Stored data entries
(* Consider $N$ users, each $n$ equipped with the general single-user data below (with its own $K_n$, $P_n$, $\mathcal E$, $\zeta_n$, $\beta_n$, $\tau_n$, $D_n$), a probability vector $\boldsymbol\eta_n=(\eta_n^1,\dots,\eta_n^{K_n})$ (the stationary distribution of its channel) and an arrival rate $a_n\ge0$; let $B>0$. Writing $V_n^\lambda$, $V_n^{l,\lambda}$, $V_n^{u,\lambda}$ for the functions below at multiplier $\lambda$, define for $\lambda\ge0$ $$g_P(\lambda)=\lambda B+\sum_{n=1}^N a_n\sum_{i}\eta_n^iV_n^\lambda(0,\tau_n+D_n,i),$$ $$g_P^u(\lambda)=\lambda B+\sum_{n=1}^N a_n\min\{\beta_n,V_n^{u,\lambda}(\tau_n+D_n)\},\quad g_P^l(\lambda)=\lambda B+\sum_{n=1}^N a_n\max\{0,V_n^{l,\lambda}(\tau_n+D_n)\}.$$ Then $g_P^l(\lambda)\le g_P(\lambda)\le g_P^u(\lambda)$ for all $\lambda\ge0$, and $$\min_{\lambda\ge0}g_P^l(\lambda)\le\min_{\lambda\ge0}g_P(\lambda)\le\min_{\lambda\ge0}g_P^u(\lambda).$$
   Context: General single-user data for user $n$: $\beta_n\ge0$, integers $\tau_n\ge1$, $D_n\ge0$; a Markov channel on $\{1,\dots,K_n\}$ with transition matrix $(P_n^{i,j})$; a finite set $\mathcal E\subset[0,\infty)$ containing $0$ and a positive element; $\zeta_n(i,\cdot):\mathcal E\to[0,1]$ with $\zeta_n(i,0)=0$, $\zeta_n(i,e)>0$ for $e>0$, strictly increasing; states totally ordered by $\zeta_n$ (for all $i,j$ either $\zeta_n(i,e)\ge\zeta_n(j,e)\ \forall e$ or $\le\ \forall e$), with $i_n^{\max}$, $i_n^{\min}$ states of maximal and minimal $\zeta_n(\cdot,e)$ for all $e$. Value function: $V_n(0,0,i)=0$, $V_n(0,\tau,i)=\max_{e\in\mathcal E}\{-\lambda e+\zeta_n(i,e)\beta_n+(1-\zeta_n(i,e))\sum_jP_n^{i,j}V_n(0,\tau-1,j)\}$ for $1\le\tau\le\tau_n+D_n$. Bounds: $V_n^l(0)=0$, $V_n^l(\tau)=\max_{e\in\mathcal E,e>0}\frac{1-[1-\zeta_n(i_n^{\min},e)]^{\tau}}{\zeta_n(i_n^{\min},e)}[-\lambda e+\zeta_n(i_n^{\min},e)\beta_n]$; $V_n^u(0)=0$, $V_n^u(\tau)=\sum_{z=1}^{\tau}\max_{e\in\mathcal E}\{-\lambda e+\zeta_n(i_n^{\max},e)(\beta_n-\max\{0,V_n^l(z-1)\})\}$. $g_P$ is the Lagrange dual function of the weighted timely-throughput problem with perfect prediction and $\min g_P$ the optimal weighted timely-throughput. *)

theory Defs
  imports Complex_Main
begin

text \<open>Arguments: action set E, success probabilities zeta (state, energy), transition
  matrix P (states 1..K), number of states K, reward beta, multiplier lam,
  remaining time tau, channel state i.\<close>
primrec Vval :: "real set \<Rightarrow> (nat \<Rightarrow> real \<Rightarrow> real) \<Rightarrow> (nat \<Rightarrow> nat \<Rightarrow> real) \<Rightarrow> nat
    \<Rightarrow> real \<Rightarrow> real \<Rightarrow> nat \<Rightarrow> nat \<Rightarrow> real" where
  "Vval E zeta P K beta lam 0 i = 0"
| "Vval E zeta P K beta lam (Suc t) i =
     Max ((\<lambda>e. - lam * e + zeta i e * beta
              + (1 - zeta i e) * (\<Sum>j=1..K. P i j * Vval E zeta P K beta lam t j)) ` E)"

text \<open>Lower bound V^l(tau); zmin = zeta(i_min, .).\<close>
definition Vlow :: "real set \<Rightarrow> (real \<Rightarrow> real) \<Rightarrow> real \<Rightarrow> real \<Rightarrow> nat \<Rightarrow> real" where
  "Vlow E zmin beta lam tau =
     (if tau = 0 then 0
      else Max ((\<lambda>e. (1 - (1 - zmin e) ^ tau) / zmin e * (- lam * e + zmin e * beta))
                 ` {e \<in> E. e > 0}))"

text \<open>Upper bound V^u(tau); zmax = zeta(i_max, .), zmin = zeta(i_min, .).\<close>
primrec Vup :: "real set \<Rightarrow> (real \<Rightarrow> real) \<Rightarrow> (real \<Rightarrow> real) \<Rightarrow> real \<Rightarrow> real \<Rightarrow> nat \<Rightarrow> real" where
  "Vup E zmax zmin beta lam 0 = 0"
| "Vup E zmax zmin beta lam (Suc t) = Vup E zmax zmin beta lam t
     + Max ((\<lambda>e. - lam * e + zmax e * (beta - max 0 (Vlow E zmin beta lam t))) ` E)"

definition gP :: "nat \<Rightarrow> real \<Rightarrow> (nat \<Rightarrow> real) \<Rightarrow> (nat \<Rightarrow> nat \<Rightarrow> real) \<Rightarrow> real set
    \<Rightarrow> (nat \<Rightarrow> nat \<Rightarrow> real \<Rightarrow> real) \<Rightarrow> (nat \<Rightarrow> nat \<Rightarrow> nat \<Rightarrow> real) \<Rightarrow> (nat \<Rightarrow> nat)
    \<Rightarrow> (nat \<Rightarrow> real) \<Rightarrow> (nat \<Rightarrow> nat) \<Rightarrow> (nat \<Rightarrow> nat) \<Rightarrow> real \<Rightarrow> real" where
  "gP N B a eta E zeta P K beta tau D lam =
     lam * B + (\<Sum>n=1..N. a n * (\<Sum>i=1..K n. eta n i *
        Vval E (zeta n) (P n) (K n) (beta n) lam (tau n + D n) i))"

definition gPu :: "nat \<Rightarrow> real \<Rightarrow> (nat \<Rightarrow> real) \<Rightarrow> real set
    \<Rightarrow> (nat \<Rightarrow> nat \<Rightarrow> real \<Rightarrow> real) \<Rightarrow> (nat \<Rightarrow> nat) \<Rightarrow> (nat \<Rightarrow> nat)
    \<Rightarrow> (nat \<Rightarrow> real) \<Rightarrow> (nat \<Rightarrow> nat) \<Rightarrow> (nat \<Rightarrow> nat) \<Rightarrow> real \<Rightarrow> real" where
  "gPu N B a E zeta imax imin beta tau D lam =
     lam * B + (\<Sum>n=1..N. a n * min (beta n)
        (Vup E (zeta n (imax n)) (zeta n (imin n)) (beta n) lam (tau n + D n)))"

definition gPl :: "nat \<Rightarrow> real \<Rightarrow> (nat \<Rightarrow> real) \<Rightarrow> real set
    \<Rightarrow> (nat \<Rightarrow> nat \<Rightarrow> real \<Rightarrow> real) \<Rightarrow> (nat \<Rightarrow> nat)
    \<Rightarrow> (nat \<Rightarrow> real) \<Rightarrow> (nat \<Rightarrow> nat) \<Rightarrow> (nat \<Rightarrow> nat) \<Rightarrow> real \<Rightarrow> real" where
  "gPl N B a E zeta imin beta tau D lam =
     lam * B + (\<Sum>n=1..N. a n * max 0
        (Vlow E (zeta n (imin n)) (beta n) lam (tau n + D n)))"

end

theory Submission
  imports Defs
begin

text \<open>The bounds are proved user by user and summed with the weights \<open>a\<^sub>n \<ge> 0\<close>.
  Spending a fixed energy \<open>e\<close> in every slot while the channel stays in its worst state \<open>i\<^sub>m\<^sub>i\<^sub>n\<close>
  (success probability \<open>z\<close>) earns \<open>(1 - (1 - z)\<^sup>t) / z \<cdot> (z \<beta> - \<lambda> e)\<close>; by induction on \<open>t\<close>
  this is at most \<open>V\<^sub>t\<close> in every state, which gives the lower bound. For the upper bound, one
  Bellman step raises \<open>V\<close> above its one-step expectation \<open>S\<close> by at most
  \<open>max\<^sub>e (\<zeta>(i\<^sub>m\<^sub>a\<^sub>x, e)(\<beta> - max 0 V\<^sup>l) - \<lambda> e)\<close>, because \<open>max 0 V\<^sup>l \<le> S \<le> \<beta>\<close>; averaging over the
  stationary distribution \<open>\<eta>\<close> turns the expectation back into the \<open>\<eta>\<close>-average of \<open>V\<close>, so the
  increments add up to \<open>V\<^sup>u\<close>. Finally the three dual functions are continuous in \<open>\<lambda>\<close> and bounded
  below by \<open>\<lambda> B\<close>, so each attains its minimum on \<open>[0, g(0)/B]\<close>.\<close>

lemma convex_comb_ge:
  fixes w x :: "'a \<Rightarrow> real"
  assumes "\<forall>j\<in>A. 0 \<le> w j" "sum w A = 1" "\<forall>j\<in>A. c \<le> x j"
  shows "c \<le> (\<Sum>j\<in>A. w j * x j)"
proof -
  have "c = (\<Sum>j\<in>A. w j * c)" using assms(2) by (simp add: sum_distrib_right[symmetric])
  also have "\<dots> \<le> (\<Sum>j\<in>A. w j * x j)" using assms by (intro sum_mono mult_left_mono) auto
  finally show ?thesis .
qed

lemma convex_comb_le:
  fixes w x :: "'a \<Rightarrow> real"
  assumes "\<forall>j\<in>A. 0 \<le> w j" "sum w A = 1" "\<forall>j\<in>A. x j \<le> c"
  shows "(\<Sum>j\<in>A. w j * x j) \<le> c"
proof -
  have "(\<Sum>j\<in>A. w j * x j) \<le> (\<Sum>j\<in>A. w j * c)" using assms by (intro sum_mono mult_left_mono) auto
  also have "\<dots> = c" using assms(2) by (simp add: sum_distrib_right[symmetric])
  finally show ?thesis .
qed

lemma stationary_sum:
  fixes eta x :: "'a \<Rightarrow> real"
  assumes "\<forall>j\<in>A. (\<Sum>i\<in>A. eta i * P i j) = eta j"
  shows "(\<Sum>i\<in>A. eta i * (\<Sum>j\<in>A. P i j * x j)) = (\<Sum>j\<in>A. eta j * x j)"
proof -
  have "(\<Sum>i\<in>A. eta i * (\<Sum>j\<in>A. P i j * x j)) = (\<Sum>j\<in>A. (\<Sum>i\<in>A. eta i * P i j) * x j)"
    by (simp add: sum_distrib_left sum_distrib_right mult.assoc) (rule sum.swap)
  also have "\<dots> = (\<Sum>j\<in>A. eta j * x j)" using assms by simp
  finally show ?thesis .
qed

lemma continuous_on_Max_image:
  fixes f :: "'a::topological_space \<Rightarrow> 'b \<Rightarrow> real"
  assumes "finite A" "A \<noteq> {}" "\<And>e. e \<in> A \<Longrightarrow> continuous_on S (\<lambda>x. f x e)"
  shows "continuous_on S (\<lambda>x. Max (f x ` A))"
  using assms
proof (induction A rule: finite_ne_induct)
  case (singleton e)
  then show ?case by simp
next
  case (insert e F)
  then have "continuous_on S (\<lambda>x. max (f x e) (Max (f x ` F)))"
    by (intro continuous_on_max) auto
  with insert show ?case by simp
qed

lemma coercive_attains_min:
  fixes g :: "real \<Rightarrow> real"
  assumes cont: "continuous_on UNIV g" and B: "B > 0" and lower: "\<forall>lam\<ge>0. lam * B \<le> g lam"
  shows "\<exists>x\<ge>0. \<forall>lam\<ge>0. g x \<le> g lam"
proof -
  define M where "M = g 0 / B"
  have M: "0 \<le> M" "M * B = g 0" using lower B by (auto simp: M_def)
  obtain x where x: "x \<in> {0..M}" "\<forall>y\<in>{0..M}. g x \<le> g y"
    using continuous_attains_inf[OF compact_Icc, of 0 M g] M continuous_on_subset[OF cont] by auto
  have "g x \<le> g lam" if "0 \<le> lam" for lam
  proof (cases "lam \<le> M")
    case True
    then show ?thesis using x that by auto
  next
    case False
    have "g x \<le> M * B" using x M by auto
    also have "\<dots> \<le> lam * B" using False B by (intro mult_right_mono) auto
    also have "\<dots> \<le> g lam" using lower that by auto
    finally show ?thesis .
  qed
  then show ?thesis using x by auto
qed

_Aim of the task:_ In the records above, some lines hold the word "every"; copy each such line.

_Solution:_
  Spending a fixed energy \<open>e\<close> in every slot while the channel stays in its worst state \<open>i\<^sub>m\<^sub>i\<^sub>n\<close>
  this is at most \<open>V\<^sub>t\<close> in every state, which gives the lower bound. For the upper bound, one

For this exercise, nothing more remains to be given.